[Information]

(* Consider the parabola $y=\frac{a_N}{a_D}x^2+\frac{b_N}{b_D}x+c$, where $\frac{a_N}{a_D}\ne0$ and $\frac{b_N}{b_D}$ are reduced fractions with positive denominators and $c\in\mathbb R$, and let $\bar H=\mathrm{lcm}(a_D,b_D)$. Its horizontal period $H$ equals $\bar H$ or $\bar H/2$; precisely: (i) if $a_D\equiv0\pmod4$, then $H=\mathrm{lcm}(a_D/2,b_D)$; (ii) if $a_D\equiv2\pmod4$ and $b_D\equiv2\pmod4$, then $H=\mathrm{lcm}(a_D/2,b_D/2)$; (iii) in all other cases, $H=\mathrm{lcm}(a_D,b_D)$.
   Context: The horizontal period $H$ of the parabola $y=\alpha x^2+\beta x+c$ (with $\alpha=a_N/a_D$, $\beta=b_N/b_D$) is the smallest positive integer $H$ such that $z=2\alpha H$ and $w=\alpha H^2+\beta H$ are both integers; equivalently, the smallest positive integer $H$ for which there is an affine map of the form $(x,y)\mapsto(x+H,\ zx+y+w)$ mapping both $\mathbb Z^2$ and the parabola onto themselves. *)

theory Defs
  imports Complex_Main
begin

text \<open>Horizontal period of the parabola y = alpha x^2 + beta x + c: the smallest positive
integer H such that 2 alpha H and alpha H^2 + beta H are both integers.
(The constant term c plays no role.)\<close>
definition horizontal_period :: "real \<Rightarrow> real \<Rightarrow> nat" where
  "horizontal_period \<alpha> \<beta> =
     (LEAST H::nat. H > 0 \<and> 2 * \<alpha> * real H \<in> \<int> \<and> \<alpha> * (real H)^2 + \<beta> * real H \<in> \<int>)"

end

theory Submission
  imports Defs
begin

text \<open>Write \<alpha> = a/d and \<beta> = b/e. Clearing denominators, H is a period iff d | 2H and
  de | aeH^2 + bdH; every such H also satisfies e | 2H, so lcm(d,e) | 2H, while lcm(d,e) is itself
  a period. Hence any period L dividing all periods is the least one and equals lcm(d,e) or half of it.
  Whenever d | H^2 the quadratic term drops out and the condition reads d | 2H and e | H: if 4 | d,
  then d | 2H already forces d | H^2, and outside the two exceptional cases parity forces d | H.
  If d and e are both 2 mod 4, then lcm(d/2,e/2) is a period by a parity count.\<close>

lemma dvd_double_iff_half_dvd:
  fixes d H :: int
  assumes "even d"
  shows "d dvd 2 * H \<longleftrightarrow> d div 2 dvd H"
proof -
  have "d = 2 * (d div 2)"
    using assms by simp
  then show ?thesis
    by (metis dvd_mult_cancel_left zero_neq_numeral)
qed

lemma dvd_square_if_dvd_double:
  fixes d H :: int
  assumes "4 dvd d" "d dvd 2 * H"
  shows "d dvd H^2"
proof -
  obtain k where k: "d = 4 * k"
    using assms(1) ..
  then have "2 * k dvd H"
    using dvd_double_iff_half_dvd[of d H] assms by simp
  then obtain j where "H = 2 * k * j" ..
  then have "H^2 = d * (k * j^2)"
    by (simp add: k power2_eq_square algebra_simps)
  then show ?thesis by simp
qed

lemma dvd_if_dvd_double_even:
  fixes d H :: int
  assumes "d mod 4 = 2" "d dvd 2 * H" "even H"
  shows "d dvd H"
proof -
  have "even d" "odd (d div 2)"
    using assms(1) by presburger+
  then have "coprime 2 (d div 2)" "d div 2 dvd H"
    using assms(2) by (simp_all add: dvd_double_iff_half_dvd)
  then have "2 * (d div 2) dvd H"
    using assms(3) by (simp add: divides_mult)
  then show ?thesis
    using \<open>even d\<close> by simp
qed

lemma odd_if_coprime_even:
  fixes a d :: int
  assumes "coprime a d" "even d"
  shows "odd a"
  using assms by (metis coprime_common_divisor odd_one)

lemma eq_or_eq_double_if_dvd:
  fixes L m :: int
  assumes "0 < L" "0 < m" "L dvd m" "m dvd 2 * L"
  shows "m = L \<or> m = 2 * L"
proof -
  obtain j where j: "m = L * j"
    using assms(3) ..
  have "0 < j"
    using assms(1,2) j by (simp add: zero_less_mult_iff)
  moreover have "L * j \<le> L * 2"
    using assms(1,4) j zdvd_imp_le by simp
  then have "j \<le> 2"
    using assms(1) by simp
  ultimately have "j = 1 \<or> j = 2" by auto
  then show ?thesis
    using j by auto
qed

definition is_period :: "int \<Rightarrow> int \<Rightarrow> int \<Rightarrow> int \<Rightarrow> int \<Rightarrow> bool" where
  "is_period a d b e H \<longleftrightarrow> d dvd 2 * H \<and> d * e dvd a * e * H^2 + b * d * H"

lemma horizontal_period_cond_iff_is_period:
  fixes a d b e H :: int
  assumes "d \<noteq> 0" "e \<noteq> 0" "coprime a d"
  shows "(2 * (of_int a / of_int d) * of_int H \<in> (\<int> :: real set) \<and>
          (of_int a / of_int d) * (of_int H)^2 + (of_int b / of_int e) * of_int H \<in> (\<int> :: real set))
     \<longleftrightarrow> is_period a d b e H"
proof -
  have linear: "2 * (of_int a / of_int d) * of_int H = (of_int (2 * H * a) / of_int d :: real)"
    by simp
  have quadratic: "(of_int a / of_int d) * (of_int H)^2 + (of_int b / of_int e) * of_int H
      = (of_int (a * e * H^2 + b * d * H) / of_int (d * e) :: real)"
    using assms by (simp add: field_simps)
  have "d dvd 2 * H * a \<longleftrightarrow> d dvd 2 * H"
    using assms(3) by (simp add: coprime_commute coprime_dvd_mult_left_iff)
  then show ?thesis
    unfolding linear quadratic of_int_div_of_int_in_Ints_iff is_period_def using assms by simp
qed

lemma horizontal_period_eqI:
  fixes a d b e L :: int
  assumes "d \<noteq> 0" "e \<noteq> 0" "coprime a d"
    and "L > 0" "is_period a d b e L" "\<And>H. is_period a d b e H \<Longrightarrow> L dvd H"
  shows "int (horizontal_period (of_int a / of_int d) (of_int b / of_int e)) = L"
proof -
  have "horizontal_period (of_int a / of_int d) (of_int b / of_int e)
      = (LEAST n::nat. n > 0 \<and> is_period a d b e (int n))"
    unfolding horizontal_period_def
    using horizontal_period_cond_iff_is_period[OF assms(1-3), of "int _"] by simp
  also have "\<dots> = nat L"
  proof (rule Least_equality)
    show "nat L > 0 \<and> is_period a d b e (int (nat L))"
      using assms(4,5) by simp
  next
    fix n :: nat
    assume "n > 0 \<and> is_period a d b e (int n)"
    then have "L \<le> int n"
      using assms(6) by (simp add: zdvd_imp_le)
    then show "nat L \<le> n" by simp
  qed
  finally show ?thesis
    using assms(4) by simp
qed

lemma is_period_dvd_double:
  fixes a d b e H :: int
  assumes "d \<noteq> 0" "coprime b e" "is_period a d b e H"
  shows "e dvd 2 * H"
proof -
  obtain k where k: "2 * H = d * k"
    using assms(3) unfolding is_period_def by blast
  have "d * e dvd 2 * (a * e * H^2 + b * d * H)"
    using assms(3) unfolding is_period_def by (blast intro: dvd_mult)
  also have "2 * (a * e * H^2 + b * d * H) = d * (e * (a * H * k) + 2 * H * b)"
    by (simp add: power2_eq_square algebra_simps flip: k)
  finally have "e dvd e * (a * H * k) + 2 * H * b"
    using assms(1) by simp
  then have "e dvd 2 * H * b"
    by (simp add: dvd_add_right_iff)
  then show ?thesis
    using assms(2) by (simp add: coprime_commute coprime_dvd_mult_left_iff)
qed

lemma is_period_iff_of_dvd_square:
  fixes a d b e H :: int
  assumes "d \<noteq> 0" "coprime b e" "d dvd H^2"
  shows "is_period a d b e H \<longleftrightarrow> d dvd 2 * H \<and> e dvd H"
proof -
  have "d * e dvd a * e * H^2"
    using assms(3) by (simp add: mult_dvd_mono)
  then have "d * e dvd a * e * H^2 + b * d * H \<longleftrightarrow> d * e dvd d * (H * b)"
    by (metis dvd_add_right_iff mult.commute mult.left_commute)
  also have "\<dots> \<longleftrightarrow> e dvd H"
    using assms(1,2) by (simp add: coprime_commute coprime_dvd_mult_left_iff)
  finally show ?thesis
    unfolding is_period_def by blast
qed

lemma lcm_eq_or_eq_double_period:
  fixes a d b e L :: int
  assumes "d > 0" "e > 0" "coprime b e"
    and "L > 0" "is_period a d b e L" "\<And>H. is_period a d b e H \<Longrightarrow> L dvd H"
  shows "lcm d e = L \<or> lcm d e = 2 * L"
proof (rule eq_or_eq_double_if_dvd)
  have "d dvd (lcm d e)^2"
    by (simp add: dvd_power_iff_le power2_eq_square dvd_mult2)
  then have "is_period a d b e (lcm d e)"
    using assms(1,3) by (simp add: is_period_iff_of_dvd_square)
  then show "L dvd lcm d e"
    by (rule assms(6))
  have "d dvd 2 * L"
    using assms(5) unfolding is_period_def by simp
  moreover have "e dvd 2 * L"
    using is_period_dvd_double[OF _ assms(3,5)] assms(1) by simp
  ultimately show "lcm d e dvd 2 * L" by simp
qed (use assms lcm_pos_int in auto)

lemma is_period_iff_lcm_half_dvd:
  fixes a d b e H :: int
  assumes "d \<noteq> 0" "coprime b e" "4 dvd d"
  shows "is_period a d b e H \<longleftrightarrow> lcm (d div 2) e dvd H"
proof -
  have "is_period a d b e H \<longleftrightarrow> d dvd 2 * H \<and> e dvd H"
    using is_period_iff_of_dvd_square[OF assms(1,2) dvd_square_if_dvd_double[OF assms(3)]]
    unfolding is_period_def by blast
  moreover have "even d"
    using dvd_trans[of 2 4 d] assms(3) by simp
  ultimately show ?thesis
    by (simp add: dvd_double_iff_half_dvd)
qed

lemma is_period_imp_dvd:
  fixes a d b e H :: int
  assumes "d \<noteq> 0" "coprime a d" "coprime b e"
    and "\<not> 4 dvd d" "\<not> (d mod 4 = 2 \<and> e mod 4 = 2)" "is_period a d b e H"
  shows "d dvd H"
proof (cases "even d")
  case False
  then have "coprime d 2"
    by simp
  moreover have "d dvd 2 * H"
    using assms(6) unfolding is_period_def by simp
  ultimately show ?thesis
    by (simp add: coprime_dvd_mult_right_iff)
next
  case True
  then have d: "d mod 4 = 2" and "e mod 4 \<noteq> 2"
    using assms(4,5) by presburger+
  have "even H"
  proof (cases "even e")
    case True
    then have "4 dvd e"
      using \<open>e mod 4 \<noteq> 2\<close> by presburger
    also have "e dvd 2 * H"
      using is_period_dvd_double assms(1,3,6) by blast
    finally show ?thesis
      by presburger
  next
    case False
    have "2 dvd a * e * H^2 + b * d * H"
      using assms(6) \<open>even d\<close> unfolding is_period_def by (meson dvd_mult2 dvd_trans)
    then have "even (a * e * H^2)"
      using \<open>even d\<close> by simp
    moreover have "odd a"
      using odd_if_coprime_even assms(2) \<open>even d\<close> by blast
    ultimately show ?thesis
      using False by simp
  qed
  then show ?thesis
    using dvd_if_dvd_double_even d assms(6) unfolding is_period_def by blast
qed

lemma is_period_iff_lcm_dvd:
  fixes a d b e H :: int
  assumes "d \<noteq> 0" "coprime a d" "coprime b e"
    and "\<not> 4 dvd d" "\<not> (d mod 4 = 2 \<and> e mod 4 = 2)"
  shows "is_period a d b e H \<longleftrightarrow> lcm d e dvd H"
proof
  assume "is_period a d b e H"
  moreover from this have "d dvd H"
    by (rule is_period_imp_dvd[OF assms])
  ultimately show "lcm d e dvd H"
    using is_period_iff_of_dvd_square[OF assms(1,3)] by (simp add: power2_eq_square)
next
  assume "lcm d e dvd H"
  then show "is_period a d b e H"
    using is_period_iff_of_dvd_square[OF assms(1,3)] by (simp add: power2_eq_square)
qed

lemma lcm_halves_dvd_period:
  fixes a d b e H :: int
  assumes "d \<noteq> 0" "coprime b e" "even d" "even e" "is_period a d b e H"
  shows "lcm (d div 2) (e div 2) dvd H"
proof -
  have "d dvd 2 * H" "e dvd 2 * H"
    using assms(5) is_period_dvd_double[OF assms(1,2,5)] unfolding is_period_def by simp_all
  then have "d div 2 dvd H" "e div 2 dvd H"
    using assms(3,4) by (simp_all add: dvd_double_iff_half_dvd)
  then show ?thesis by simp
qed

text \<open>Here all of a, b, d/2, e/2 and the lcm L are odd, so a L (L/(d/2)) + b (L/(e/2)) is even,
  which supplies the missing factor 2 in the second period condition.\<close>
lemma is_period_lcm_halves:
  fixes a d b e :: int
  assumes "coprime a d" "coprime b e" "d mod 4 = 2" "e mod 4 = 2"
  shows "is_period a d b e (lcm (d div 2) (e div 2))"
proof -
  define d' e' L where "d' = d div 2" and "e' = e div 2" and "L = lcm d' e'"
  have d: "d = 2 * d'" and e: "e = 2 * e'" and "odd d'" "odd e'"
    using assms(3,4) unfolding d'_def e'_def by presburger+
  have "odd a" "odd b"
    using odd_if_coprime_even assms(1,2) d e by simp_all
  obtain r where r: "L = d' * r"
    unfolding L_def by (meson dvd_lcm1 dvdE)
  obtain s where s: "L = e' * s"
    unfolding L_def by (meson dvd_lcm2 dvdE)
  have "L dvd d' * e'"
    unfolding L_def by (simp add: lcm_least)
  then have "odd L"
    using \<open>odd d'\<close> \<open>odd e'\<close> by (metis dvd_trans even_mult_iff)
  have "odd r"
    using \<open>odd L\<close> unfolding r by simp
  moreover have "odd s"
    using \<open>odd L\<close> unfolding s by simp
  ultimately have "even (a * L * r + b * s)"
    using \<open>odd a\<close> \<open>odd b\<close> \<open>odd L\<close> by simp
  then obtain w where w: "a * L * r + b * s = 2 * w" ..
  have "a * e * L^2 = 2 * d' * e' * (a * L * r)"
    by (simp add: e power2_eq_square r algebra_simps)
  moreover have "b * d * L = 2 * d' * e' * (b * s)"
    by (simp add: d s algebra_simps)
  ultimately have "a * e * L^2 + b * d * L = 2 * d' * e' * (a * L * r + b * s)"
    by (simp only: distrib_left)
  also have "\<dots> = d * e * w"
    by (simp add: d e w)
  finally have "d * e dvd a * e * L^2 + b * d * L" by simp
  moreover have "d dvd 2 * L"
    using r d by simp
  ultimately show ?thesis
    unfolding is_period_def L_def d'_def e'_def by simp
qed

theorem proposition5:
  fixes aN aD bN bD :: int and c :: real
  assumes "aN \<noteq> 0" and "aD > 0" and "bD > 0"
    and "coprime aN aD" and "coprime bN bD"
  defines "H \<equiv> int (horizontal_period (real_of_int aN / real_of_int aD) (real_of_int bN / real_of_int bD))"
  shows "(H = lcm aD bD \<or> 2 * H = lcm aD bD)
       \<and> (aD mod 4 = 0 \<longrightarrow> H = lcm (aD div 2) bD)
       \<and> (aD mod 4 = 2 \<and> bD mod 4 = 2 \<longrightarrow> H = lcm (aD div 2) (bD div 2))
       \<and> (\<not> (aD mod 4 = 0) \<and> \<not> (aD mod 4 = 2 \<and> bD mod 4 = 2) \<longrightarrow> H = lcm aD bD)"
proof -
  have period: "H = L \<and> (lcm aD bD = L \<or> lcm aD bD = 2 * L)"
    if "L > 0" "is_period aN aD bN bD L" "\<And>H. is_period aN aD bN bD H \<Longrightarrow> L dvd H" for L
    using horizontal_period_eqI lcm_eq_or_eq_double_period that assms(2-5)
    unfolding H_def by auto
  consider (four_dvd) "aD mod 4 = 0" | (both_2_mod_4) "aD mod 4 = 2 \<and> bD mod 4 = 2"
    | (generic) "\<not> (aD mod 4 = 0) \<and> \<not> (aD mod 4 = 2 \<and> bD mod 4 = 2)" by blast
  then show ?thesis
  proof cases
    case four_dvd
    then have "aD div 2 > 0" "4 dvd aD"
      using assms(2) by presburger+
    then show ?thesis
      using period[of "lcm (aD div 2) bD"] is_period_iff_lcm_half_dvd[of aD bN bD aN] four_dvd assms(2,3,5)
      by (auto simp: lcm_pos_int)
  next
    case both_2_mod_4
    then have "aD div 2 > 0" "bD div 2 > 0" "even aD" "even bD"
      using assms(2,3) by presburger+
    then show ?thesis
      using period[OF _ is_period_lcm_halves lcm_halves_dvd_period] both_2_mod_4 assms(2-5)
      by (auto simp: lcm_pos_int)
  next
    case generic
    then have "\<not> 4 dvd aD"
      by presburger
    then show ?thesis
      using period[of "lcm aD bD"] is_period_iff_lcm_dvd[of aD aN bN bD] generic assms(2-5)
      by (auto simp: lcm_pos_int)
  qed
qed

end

[/Information]

_Task brief_:
Only the lines above that include the word "False" belong in the answer; copy each one.

_Completed task_:
  case False
    case False
      using False by simp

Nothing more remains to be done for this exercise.